Knowledge graph: A generalization of the logical technique of reductio ad absurdum in which one never calls any conclusion absurd.
NaN: “Not a number” - the most common result from any AI system that is supposed to output a number. This one isn’t a joke; it’s real life. Pass me the last component of your decision support system, would you?
Platform solution: “You see, houses sell for a million bucks, and I bet you could use this scaffolding to make AT LEAST ten houses, so really, $5M for this pile of pipes and planks is a bargain.”
PubChem Bioassay: it’s a data lake with chemistry data! Yay! Except instead of a private lake, it’s more of a public swimming pool — and that group over yonder’s been in the water for a suspiciously long time without getting out for a bathroom break.
Real-world evidence: Refers to a recent movement to collect safety and efficacy data on Earth, reversing a trend that has grown since 1986, when a coalition of large pharmaceutical companies successfully opened a portal to Earth-Prime and outsourced most drug development to cheaper CROs in a parallel dimension.
Reinforcement learning: A method of training AI systems that borrows from the Montessori method. Traditional deep learning is punitive, assigning models “losses” but never “wins”; and sometimes involves outright brainwashing, “normalizing” and “regularizing” models that fail to behave. By contrast, practitioners of reinforcement learning believe that a nurturing, exploratory environment is best for young AIs.
Robotic lab: depending on whether the speaker comes from academia or industry, actually a swarm of undergrads or highly educated yet cheap scientists in a nation 15 time zones away. Often paired with a system to do generative chemistry.

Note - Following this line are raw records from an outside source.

definition reconfigures :: "nat \<Rightarrow> nat \<Rightarrow> 'a set \<Rightarrow> ('a \<Rightarrow> 'a \<Rightarrow> bool)
    \<Rightarrow> ('a \<Rightarrow> nat) \<Rightarrow> ('a \<Rightarrow> nat) \<Rightarrow> bool" where
  "reconfigures p q V E f g \<longleftrightarrow> (\<exists>fs. reconf_seq p q V E f g fs)"

end

theory Submission
  imports Defs
begin

text \<open>Relative to a fixed colouring \<open>f\<close>, a \<open>(p,q)\<close>-colouring is represented by an integer height
  function \<open>x\<close> (the colouring being \<open>(f + x) mod p\<close>) whose lifted colour difference along every edge
  lies in \<open>[q, p - q]\<close>. As \<open>p < 4q\<close>, each recolouring step lifts to a change of one height by at
  most \<open>p/2\<close>, and vertices on cycles of tight edges (lifted difference exactly \<open>q\<close>) never change.
  So if \<open>f\<close> reconfigures to \<open>g\<close>, then \<open>g\<close> has a lift \<open>d\<close> vanishing on the frozen vertices of
  the zero lift of \<open>f\<close>, and by connectivity \<open>|d| = O(p |V|)\<close>. Both \<open>0\<close> and \<open>d\<close> descend to
  their pointwise minimum by lowering one non-frozen vertex by one unit at a time, which takes
  \<open>\<Sum>|d| = O(|V|\<^sup>2)\<close> steps.\<close>

section \<open>Reconfiguration sequences\<close>

lemma reconf_seq_iff_successively:
  "reconf_seq p q V E f g fs \<longleftrightarrow> fs \<noteq> [] \<and> (\<forall>v\<in>V. hd fs v = f v) \<and> (\<forall>v\<in>V. last fs v = g v)
     \<and> (\<forall>h\<in>set fs. pq_colouring p q V E h) \<and> successively (differ_le_one V) fs"
  by (simp add: reconf_seq_def successively_conv_nth)

lemma differ_le_one_sym: "differ_le_one V g h \<longleftrightarrow> differ_le_one V h g"
proof -
  have "{v \<in> V. g v \<noteq> h v} = {v \<in> V. h v \<noteq> g v}" by auto
  then show ?thesis unfolding differ_le_one_def by simp
qed

lemma differ_le_one_if_agree_off:
  assumes "\<And>v. v \<in> V \<Longrightarrow> v \<noteq> w \<Longrightarrow> g v = h v"
  shows "differ_le_one V g h"
proof -
  have "{v \<in> V. g v \<noteq> h v} \<subseteq> {w}" using assms by auto
  then show ?thesis
    unfolding differ_le_one_def using card_mono[of "{w}"] by fastforce
qed

lemma differ_le_one_agree_off:
  assumes "finite V" "differ_le_one V h h'"
  obtains v where "\<And>w. w \<in> V \<Longrightarrow> w \<noteq> v \<Longrightarrow> h w = h' w"
proof (cases "\<exists>v\<in>V. h v \<noteq> h' v")
  case True
  then obtain v where v: "v \<in> V" "h v \<noteq> h' v" by blast
  have "h w = h' w" if "w \<in> V" "w \<noteq> v" for w
  proof (rule ccontr)
    assume "h w \<noteq> h' w"
    then have "{v, w} \<subseteq> {u \<in> V. h u \<noteq> h' u}" using v that by auto
    then have "card {v, w} \<le> card {u \<in> V. h u \<noteq> h' u}" using assms(1) by (intro card_mono) auto
    then show False using assms(2) \<open>w \<noteq> v\<close> unfolding differ_le_one_def by simp
  qed
  then show ?thesis by (rule that)
qed (use that in blast)

lemma differ_le_one_cong:
  assumes "\<forall>v\<in>V. g v = g' v" "\<forall>v\<in>V. h v = h' v"
  shows "differ_le_one V g h \<longleftrightarrow> differ_le_one V g' h'"
proof -
  have "{v \<in> V. g v \<noteq> h v} = {v \<in> V. g' v \<noteq> h' v}" using assms by auto
  then show ?thesis unfolding differ_le_one_def by simp
qed

lemma reconf_seq_cong:
  assumes "reconf_seq p q V E f g fs" "\<forall>v\<in>V. f v = f' v" "\<forall>v\<in>V. g v = g' v"
  shows "reconf_seq p q V E f' g' fs"
  using assms unfolding reconf_seq_def by simp

lemma reconf_seq_singleton:
  "pq_colouring p q V E h \<Longrightarrow> \<forall>v\<in>V. h v = g v \<Longrightarrow> reconf_seq p q V E h g [h]"
  unfolding reconf_seq_def by simp

lemma reconf_seq_Cons:
  assumes "reconf_seq p q V E h' g fs" "pq_colouring p q V E h" "differ_le_one V h h'"
  shows "reconf_seq p q V E h g (h # fs)"
proof -
  have "differ_le_one V h (hd fs)"
    using assms differ_le_one_cong[of V h h h' "hd fs"] unfolding reconf_seq_def by simp
  then show ?thesis using assms(1,2) by (simp add: reconf_seq_iff_successively successively_Cons)
qed

lemma reconf_seq_append:
  assumes fs: "reconf_seq p q V E f g fs" and gs: "reconf_seq p q V E g h gs"
  shows "reconf_seq p q V E f h (fs @ tl gs)"
proof (cases "tl gs")
  case Nil
  then have "gs = [hd gs]" using gs unfolding reconf_seq_def by (cases gs) auto
  then have "\<forall>v\<in>V. g v = h v" using gs unfolding reconf_seq_def by (metis last.simps)
  then show ?thesis using reconf_seq_cong[OF fs] Nil by simp
next
  case (Cons g1 gs')
  then obtain g0 where g0: "gs = g0 # g1 # gs'" using gs unfolding reconf_seq_def by (cases gs) auto
  have "\<forall>v\<in>V. last fs v = g0 v" using fs gs g0 unfolding reconf_seq_def by simp
  moreover have "differ_le_one V g0 g1" using gs g0 unfolding reconf_seq_iff_successively by simp
  ultimately have "differ_le_one V (last fs) g1" using differ_le_one_cong by blast
  then show ?thesis using fs gs g0
    unfolding reconf_seq_iff_successively by (auto simp: successively_append_iff)
qed

lemma reconf_seq_rev:
  assumes "reconf_seq p q V E f g fs"
  shows "reconf_seq p q V E g f (rev fs)"
proof -
  have "successively (differ_le_one V) fs"
    using assms unfolding reconf_seq_iff_successively by simp
  then have "successively (\<lambda>h h'. differ_le_one V h' h) fs"
    by (rule successively_mono) (simp add: differ_le_one_sym)
  then show ?thesis using assms unfolding reconf_seq_iff_successively by (simp add: hd_rev last_rev)
qed

section \<open>Height functions\<close>

lemma int_eq_if_mod_eq_if_close:
  fixes a b p :: int
  assumes "a mod p = b mod p" "\<bar>a - b\<bar> < p"
  shows "a = b"
proof (rule ccontr)
  assume "a \<noteq> b"
  moreover have "p dvd (a - b)" using assms(1) by (simp add: mod_eq_dvd_iff)
  ultimately have "\<bar>p\<bar> \<le> \<bar>a - b\<bar>" by (simp add: dvd_imp_le_int)
  then show False using assms(2) by simp
qed

lemma abs_diff_bounds_iff_mod_diff_bounds:
  fixes a b p q :: int
  assumes "0 \<le> a" "a < p" "0 \<le> b" "b < p"
  shows "q \<le> \<bar>a - b\<bar> \<and> \<bar>a - b\<bar> \<le> p - q \<longleftrightarrow> q \<le> (a - b) mod p \<and> (a - b) mod p \<le> p - q"
proof (cases "b \<le> a")
  case True
  then show ?thesis using assms by simp
next
  case False
  have "(a - b) mod p = (a - b + p) mod p" by simp
  also have "\<dots> = a - b + p" using assms False by (intro mod_pos_pos_trivial) auto
  finally show ?thesis using False by auto
qed

lemma sum_excess_fun_upd_decrement:
  fixes x m :: "'a \<Rightarrow> int"
  assumes "finite V" "v \<in> V" "m v < x v"
  shows "(\<Sum>w\<in>V. nat (x w - m w)) = Suc (\<Sum>w\<in>V. nat ((x(v := x v - 1)) w - m w))"
proof -
  have "(\<Sum>w\<in>V - {v}. nat ((x(v := x v - 1)) w - m w)) = (\<Sum>w\<in>V - {v}. nat (x w - m w))"
    by (rule sum.cong) auto
  then show ?thesis using assms by (simp add: sum.remove)
qed

lemma rtrancl_exits_set:
  "(a, b) \<in> R\<^sup>* \<Longrightarrow> a \<in> A \<Longrightarrow> b \<notin> A \<Longrightarrow> \<exists>u w. (u, w) \<in> R \<and> u \<in> A \<and> w \<notin> A"
  by (induction rule: rtrancl_induct) blast+

lemma rtrancl_cycle_edges:
  "(a, b) \<in> R\<^sup>* \<Longrightarrow> (b, a) \<in> R\<^sup>* \<Longrightarrow> (a, b) \<in> {(u, w) \<in> R. (w, u) \<in> R\<^sup>*}\<^sup>*"
proof (induction rule: rtrancl_induct)
  case base
  then show ?case by simp
next
  case (step y z)
  have "(a, y) \<in> {(u, w) \<in> R. (w, u) \<in> R\<^sup>*}\<^sup>*"
    using step by (meson converse_rtrancl_into_rtrancl)
  moreover have "(z, y) \<in> R\<^sup>*" using step(1,4) by (meson rtrancl_trans)
  ultimately show ?case using step(2) by (simp add: rtrancl.rtrancl_into_rtrancl)
qed

lemma trancl_cycle_edges:
  assumes "(z, z) \<in> R\<^sup>+"
  shows "(z, z) \<in> {(u, w) \<in> R. (w, u) \<in> R\<^sup>*}\<^sup>+"
proof -
  obtain a where "(z, a) \<in> R" "(a, z) \<in> R\<^sup>*" using assms by (meson tranclD)
  then have "(z, a) \<in> {(u, w) \<in> R. (w, u) \<in> R\<^sup>*}"
    and "(a, z) \<in> {(u, w) \<in> R. (w, u) \<in> R\<^sup>*}\<^sup>*"
    using rtrancl_cycle_edges[of a z R] by auto
  then show ?thesis by (rule rtrancl_into_trancl2)
qed

locale reference_colouring =
  fixes p q :: nat and V :: "'a set" and E :: "'a \<Rightarrow> 'a \<Rightarrow> bool" and f :: "'a \<Rightarrow> nat"
  assumes q_pos: "0 < q" and p_ge: "2 * q \<le> p" and p_less: "p < 4 * q"
    and graph: "simple_graph V E" and f_colouring: "pq_colouring p q V E f"
begin

lemma p_pos: "0 < p"
  using q_pos p_ge by simp

lemma finite_V: "finite V"
  and edge_in_V: "E a b \<Longrightarrow> a \<in> V \<and> b \<in> V"
  and edge_sym: "E a b \<Longrightarrow> E b a"
  and edge_irrefl: "E a b \<Longrightarrow> a \<noteq> b"
  using graph unfolding simple_graph_def by blast+

definition offset :: "'a \<Rightarrow> 'a \<Rightarrow> int" where
  "offset a b = (int (f b) - int (f a)) mod int p"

State-of-the-art: still not good enough to do anything useful, or we would have done it.
Virtual screening: In graduate school, the author was told by his housing manager that insect mesh for the windows would not provided by management (true story). In a fit of exasperation one summer evening, and lacking the funds for netting or insect repellent, he shouted loudly at the mosquitoes to keep out. It turns out that simulation is really no substitute for actual physical and chemical techniques to let the good molecules in and keep the bad ones out.
[1] Haque IS. AI in Drug Discovery Glossary, 2020 Edition.
[2] Muntz, Nelson. “Ha-ha!” Personal communication.
A disclaimer, in case it went over anyone’s head: the views expressed in this post do not reflect the views of my past, present, future, or subjunctive employers on the topic, nor do they really reflect my own. My view is that if we were to be unable to laugh at ourselves, all would be lost.